Required work: Report back every line from the entries below in which the word "splits" occurs.

Supplied records:
━━━━━━━━━━━━━━━━

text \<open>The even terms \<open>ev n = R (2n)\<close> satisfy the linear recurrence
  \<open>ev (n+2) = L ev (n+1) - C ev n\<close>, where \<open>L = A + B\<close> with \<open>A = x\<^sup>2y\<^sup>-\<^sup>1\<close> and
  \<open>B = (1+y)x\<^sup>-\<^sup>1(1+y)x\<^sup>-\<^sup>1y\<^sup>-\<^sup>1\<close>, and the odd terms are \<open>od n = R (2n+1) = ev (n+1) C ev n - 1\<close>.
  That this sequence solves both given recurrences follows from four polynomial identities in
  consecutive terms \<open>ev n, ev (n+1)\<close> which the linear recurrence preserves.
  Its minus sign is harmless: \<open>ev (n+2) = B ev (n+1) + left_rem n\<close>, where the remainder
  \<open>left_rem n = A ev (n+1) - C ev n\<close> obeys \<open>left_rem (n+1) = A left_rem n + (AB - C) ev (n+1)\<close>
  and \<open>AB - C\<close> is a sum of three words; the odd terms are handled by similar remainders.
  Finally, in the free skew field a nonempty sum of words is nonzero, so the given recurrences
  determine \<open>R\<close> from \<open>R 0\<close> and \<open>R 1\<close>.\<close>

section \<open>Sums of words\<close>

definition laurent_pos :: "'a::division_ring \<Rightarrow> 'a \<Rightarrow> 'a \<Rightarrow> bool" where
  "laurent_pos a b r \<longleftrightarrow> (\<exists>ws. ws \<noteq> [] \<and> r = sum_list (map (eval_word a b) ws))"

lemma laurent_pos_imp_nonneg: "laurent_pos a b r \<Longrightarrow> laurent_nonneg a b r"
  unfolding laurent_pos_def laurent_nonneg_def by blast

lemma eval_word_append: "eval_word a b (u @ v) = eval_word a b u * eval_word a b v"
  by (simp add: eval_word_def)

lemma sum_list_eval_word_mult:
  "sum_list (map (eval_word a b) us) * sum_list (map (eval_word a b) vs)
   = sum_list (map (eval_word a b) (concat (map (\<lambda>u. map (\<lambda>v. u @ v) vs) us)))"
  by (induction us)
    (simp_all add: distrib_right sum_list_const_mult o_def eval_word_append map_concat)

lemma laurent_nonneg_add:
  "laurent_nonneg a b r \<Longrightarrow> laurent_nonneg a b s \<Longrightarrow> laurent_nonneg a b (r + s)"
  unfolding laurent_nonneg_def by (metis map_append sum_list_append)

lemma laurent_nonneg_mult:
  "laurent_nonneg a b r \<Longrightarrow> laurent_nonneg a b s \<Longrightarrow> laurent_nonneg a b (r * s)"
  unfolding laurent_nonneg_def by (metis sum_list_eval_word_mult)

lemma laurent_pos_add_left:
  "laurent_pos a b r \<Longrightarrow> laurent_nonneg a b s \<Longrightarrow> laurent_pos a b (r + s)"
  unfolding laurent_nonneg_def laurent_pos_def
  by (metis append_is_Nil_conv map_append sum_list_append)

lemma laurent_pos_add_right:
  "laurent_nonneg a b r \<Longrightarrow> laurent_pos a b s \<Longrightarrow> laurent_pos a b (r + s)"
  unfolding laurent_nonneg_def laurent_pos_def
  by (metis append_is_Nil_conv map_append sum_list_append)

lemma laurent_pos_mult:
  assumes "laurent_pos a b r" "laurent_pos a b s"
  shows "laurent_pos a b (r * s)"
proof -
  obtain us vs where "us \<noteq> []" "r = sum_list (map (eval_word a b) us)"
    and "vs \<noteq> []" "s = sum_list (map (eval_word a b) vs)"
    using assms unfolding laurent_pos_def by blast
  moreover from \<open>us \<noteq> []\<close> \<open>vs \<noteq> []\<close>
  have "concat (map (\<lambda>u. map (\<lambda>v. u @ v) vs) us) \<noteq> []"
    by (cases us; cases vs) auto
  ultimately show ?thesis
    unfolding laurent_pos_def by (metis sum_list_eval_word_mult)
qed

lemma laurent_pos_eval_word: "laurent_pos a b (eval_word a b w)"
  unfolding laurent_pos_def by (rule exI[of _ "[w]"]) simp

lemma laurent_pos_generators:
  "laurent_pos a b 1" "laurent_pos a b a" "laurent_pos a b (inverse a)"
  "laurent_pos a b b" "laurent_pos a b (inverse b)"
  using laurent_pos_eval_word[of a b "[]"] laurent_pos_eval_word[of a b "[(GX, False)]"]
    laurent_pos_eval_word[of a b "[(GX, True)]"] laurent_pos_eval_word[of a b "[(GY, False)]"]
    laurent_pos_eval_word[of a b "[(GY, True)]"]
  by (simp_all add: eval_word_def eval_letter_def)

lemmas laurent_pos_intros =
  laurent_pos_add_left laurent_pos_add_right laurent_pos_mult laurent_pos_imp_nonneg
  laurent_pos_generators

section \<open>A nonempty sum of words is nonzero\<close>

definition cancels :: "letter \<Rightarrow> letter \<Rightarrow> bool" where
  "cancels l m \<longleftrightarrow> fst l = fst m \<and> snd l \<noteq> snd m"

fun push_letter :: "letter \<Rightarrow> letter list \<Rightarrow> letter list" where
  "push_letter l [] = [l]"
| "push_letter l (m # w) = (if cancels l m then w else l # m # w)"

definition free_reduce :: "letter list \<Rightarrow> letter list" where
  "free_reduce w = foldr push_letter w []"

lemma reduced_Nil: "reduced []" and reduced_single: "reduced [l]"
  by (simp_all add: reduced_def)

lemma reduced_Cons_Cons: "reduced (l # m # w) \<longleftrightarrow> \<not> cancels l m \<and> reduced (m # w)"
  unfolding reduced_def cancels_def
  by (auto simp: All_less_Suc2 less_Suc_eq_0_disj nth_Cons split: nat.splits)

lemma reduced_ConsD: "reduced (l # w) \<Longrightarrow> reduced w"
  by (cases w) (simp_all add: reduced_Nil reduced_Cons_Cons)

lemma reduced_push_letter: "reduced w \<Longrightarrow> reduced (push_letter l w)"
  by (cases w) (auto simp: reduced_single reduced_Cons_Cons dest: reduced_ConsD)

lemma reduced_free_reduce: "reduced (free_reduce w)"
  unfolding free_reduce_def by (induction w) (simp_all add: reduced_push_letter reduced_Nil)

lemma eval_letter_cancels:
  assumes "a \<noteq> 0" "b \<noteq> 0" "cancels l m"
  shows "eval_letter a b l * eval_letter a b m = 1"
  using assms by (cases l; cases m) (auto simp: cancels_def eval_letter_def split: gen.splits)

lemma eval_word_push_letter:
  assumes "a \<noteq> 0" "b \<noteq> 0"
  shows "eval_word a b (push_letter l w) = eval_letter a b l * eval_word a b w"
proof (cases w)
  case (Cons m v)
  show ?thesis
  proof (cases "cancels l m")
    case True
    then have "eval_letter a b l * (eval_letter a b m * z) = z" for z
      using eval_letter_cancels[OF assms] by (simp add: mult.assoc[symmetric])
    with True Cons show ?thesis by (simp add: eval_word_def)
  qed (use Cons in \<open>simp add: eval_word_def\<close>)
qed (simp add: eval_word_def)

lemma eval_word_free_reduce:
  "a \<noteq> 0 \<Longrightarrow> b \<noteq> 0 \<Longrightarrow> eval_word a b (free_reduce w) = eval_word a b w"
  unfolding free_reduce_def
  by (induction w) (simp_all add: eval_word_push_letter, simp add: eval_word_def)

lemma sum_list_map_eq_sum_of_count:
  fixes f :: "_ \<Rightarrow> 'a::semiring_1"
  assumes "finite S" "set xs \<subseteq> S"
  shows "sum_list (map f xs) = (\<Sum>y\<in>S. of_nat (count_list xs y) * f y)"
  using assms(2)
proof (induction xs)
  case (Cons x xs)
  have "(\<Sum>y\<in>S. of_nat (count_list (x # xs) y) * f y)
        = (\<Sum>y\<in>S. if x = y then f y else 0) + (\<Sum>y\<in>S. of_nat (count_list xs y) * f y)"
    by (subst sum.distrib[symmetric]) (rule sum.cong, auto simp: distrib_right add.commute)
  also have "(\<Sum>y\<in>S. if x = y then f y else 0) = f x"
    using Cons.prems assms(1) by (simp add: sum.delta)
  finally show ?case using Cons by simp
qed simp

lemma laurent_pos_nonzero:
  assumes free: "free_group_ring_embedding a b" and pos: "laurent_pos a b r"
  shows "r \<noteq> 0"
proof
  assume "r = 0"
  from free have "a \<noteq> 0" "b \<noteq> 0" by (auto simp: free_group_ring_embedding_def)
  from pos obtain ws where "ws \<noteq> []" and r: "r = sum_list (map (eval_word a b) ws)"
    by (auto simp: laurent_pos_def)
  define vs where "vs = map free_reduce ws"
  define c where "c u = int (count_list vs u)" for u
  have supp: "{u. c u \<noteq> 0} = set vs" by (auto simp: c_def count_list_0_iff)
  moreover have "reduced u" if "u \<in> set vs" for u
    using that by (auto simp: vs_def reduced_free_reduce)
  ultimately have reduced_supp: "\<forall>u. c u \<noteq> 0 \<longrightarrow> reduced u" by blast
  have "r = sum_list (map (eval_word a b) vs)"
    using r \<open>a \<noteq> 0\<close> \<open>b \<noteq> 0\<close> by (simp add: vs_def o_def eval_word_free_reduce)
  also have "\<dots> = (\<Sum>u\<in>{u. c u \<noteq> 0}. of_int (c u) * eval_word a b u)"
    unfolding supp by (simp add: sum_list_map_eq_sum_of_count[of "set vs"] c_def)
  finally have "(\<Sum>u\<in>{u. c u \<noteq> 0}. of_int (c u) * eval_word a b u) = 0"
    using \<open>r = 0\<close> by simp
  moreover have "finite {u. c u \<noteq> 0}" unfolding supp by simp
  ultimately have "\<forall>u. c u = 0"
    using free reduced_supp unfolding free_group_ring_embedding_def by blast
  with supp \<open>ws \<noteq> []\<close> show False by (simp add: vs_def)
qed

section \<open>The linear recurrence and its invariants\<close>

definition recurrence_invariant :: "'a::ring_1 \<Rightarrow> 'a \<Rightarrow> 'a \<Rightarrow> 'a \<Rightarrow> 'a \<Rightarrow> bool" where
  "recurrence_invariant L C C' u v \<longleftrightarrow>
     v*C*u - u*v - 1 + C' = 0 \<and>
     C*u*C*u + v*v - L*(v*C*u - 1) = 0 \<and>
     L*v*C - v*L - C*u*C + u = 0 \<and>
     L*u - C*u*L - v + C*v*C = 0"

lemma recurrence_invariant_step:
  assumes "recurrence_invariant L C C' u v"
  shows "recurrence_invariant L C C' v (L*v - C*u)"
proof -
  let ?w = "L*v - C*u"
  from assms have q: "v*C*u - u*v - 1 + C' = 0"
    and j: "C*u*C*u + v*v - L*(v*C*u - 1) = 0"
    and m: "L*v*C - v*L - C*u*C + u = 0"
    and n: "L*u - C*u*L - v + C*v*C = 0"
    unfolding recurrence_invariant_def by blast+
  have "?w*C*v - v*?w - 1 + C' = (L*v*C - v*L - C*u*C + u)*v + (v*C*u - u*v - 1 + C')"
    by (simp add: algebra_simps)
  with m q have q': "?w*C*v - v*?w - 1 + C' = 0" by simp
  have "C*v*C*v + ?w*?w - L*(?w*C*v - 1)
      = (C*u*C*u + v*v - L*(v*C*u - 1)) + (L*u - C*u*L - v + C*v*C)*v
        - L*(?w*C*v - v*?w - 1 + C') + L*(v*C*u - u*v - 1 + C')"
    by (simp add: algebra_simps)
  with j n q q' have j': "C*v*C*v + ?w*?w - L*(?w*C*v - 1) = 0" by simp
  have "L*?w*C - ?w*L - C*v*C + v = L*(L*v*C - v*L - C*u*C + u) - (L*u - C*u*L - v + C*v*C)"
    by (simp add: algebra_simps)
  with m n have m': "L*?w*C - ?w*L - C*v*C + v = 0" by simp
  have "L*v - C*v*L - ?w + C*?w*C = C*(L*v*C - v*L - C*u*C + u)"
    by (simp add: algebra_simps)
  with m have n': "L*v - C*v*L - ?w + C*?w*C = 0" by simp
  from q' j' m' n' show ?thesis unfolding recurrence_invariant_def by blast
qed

━━━━━━━━━━━━━━━━

Answer box:
  by (auto simp: All_less_Suc2 less_Suc_eq_0_disj nth_Cons split: nat.splits)
  using assms by (cases l; cases m) (auto simp: cancels_def eval_letter_def split: gen.splits)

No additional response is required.